Recorded data
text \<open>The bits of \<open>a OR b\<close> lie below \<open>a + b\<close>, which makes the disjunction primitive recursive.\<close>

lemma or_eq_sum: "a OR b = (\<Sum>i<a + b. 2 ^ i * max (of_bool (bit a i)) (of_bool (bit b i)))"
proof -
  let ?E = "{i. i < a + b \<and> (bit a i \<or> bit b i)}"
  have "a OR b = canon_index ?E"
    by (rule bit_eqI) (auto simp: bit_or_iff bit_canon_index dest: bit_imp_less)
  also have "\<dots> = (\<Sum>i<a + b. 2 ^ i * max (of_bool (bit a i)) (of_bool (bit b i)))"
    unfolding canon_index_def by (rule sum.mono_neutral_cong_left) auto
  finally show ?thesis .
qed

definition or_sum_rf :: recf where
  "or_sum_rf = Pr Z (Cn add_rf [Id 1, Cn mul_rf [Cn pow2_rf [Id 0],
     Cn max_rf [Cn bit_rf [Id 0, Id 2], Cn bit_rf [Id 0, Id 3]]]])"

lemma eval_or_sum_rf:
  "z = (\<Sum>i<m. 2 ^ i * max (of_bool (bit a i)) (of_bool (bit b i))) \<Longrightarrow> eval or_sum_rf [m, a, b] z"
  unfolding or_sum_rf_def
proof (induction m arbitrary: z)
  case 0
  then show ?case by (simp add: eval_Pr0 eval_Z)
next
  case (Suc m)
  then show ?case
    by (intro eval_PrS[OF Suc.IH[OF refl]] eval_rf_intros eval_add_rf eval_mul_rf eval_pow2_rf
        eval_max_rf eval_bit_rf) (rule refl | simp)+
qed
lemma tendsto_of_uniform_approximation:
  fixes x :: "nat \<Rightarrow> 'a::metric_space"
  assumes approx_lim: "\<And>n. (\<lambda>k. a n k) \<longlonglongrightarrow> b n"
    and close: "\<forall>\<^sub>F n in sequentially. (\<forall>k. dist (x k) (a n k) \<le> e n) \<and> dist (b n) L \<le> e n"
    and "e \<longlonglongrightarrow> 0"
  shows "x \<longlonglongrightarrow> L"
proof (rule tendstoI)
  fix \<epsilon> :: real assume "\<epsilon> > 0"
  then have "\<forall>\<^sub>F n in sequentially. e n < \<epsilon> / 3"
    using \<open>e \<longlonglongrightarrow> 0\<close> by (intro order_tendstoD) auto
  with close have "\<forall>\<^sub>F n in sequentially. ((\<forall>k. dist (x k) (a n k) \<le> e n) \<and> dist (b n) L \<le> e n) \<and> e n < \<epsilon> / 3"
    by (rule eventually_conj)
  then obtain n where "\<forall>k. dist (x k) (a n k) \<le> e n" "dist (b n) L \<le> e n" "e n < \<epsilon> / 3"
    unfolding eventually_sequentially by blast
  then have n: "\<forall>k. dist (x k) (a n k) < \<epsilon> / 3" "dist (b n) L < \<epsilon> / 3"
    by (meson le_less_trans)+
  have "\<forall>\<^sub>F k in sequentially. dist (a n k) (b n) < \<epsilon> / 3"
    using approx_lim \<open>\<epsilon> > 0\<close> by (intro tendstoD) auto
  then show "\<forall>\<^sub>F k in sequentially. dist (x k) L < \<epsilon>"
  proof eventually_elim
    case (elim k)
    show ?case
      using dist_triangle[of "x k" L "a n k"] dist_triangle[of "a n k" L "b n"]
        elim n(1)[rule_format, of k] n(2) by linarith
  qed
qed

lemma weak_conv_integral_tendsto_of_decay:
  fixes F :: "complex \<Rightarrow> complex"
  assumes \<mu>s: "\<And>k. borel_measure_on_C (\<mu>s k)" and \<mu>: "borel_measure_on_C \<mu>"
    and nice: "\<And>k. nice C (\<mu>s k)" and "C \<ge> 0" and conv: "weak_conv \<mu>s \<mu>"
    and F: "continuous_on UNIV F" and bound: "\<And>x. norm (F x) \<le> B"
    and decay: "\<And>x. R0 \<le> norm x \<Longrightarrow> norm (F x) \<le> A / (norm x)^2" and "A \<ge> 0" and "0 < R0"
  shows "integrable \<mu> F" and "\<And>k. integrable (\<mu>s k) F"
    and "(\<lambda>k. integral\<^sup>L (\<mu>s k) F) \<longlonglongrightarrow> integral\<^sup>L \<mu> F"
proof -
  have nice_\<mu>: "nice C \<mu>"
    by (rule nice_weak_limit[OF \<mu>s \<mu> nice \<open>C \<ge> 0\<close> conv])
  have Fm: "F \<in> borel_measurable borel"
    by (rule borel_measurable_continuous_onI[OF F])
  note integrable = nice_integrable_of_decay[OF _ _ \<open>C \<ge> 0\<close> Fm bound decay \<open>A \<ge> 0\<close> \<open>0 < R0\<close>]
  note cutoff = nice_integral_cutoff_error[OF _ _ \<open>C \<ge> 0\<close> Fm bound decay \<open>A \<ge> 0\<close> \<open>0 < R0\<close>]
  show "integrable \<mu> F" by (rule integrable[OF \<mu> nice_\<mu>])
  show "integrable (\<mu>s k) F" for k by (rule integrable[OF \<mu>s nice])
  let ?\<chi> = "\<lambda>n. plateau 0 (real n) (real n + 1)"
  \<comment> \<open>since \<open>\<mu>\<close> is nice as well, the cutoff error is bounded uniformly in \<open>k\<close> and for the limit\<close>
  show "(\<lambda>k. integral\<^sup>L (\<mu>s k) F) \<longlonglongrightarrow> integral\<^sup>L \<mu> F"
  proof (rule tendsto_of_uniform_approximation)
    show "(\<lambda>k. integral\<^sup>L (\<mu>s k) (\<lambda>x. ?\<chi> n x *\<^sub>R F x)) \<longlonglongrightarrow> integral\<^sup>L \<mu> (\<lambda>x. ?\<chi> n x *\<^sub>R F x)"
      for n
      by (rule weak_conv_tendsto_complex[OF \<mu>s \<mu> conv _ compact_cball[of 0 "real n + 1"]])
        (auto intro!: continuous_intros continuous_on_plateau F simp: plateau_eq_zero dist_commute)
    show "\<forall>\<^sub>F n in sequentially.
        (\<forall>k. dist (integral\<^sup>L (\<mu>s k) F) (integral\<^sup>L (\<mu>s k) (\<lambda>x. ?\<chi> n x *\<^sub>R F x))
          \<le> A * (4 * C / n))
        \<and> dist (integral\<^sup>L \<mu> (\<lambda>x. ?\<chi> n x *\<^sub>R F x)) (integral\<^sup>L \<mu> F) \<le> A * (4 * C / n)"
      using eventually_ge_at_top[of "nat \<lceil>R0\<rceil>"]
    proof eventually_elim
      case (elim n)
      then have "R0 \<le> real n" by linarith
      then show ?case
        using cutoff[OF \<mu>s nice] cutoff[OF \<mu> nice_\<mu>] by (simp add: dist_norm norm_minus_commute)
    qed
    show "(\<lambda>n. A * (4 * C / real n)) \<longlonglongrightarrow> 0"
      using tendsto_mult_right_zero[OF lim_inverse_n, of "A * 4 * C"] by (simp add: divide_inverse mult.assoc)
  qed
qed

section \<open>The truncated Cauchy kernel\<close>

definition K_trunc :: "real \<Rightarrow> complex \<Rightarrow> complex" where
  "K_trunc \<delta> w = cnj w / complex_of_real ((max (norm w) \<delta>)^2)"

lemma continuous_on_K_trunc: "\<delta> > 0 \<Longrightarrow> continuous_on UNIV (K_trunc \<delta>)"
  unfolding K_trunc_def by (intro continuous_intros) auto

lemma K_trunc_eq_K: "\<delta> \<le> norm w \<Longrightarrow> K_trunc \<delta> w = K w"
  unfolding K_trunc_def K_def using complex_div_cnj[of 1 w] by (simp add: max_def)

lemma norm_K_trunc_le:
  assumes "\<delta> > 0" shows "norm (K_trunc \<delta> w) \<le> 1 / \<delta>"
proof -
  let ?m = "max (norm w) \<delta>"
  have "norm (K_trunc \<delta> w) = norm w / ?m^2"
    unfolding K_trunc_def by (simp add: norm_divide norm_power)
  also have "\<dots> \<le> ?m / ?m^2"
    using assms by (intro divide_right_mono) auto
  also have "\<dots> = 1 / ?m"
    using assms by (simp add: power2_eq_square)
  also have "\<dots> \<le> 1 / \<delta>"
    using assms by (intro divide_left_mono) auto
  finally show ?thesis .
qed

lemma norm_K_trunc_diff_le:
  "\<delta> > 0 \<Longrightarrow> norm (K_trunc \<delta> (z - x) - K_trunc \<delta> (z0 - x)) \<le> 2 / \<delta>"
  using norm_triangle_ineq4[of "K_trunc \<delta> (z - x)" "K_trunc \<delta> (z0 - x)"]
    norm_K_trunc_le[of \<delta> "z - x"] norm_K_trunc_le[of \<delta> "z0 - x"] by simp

> [Action item] All that is wanted is an exact copy of the lines above from the one with "unfolding K_trunc_def by (intro" through the one with "using assms by (simp", with both ends included.

> [Solution to the problem]
  unfolding K_trunc_def by (intro continuous_intros) auto

lemma K_trunc_eq_K: "\<delta> \<le> norm w \<Longrightarrow> K_trunc \<delta> w = K w"
  unfolding K_trunc_def K_def using complex_div_cnj[of 1 w] by (simp add: max_def)

lemma norm_K_trunc_le:
  assumes "\<delta> > 0" shows "norm (K_trunc \<delta> w) \<le> 1 / \<delta>"
proof -
  let ?m = "max (norm w) \<delta>"
  have "norm (K_trunc \<delta> w) = norm w / ?m^2"
    unfolding K_trunc_def by (simp add: norm_divide norm_power)
  also have "\<dots> \<le> ?m / ?m^2"
    using assms by (intro divide_right_mono) auto
  also have "\<dots> = 1 / ?m"
    using assms by (simp add: power2_eq_square)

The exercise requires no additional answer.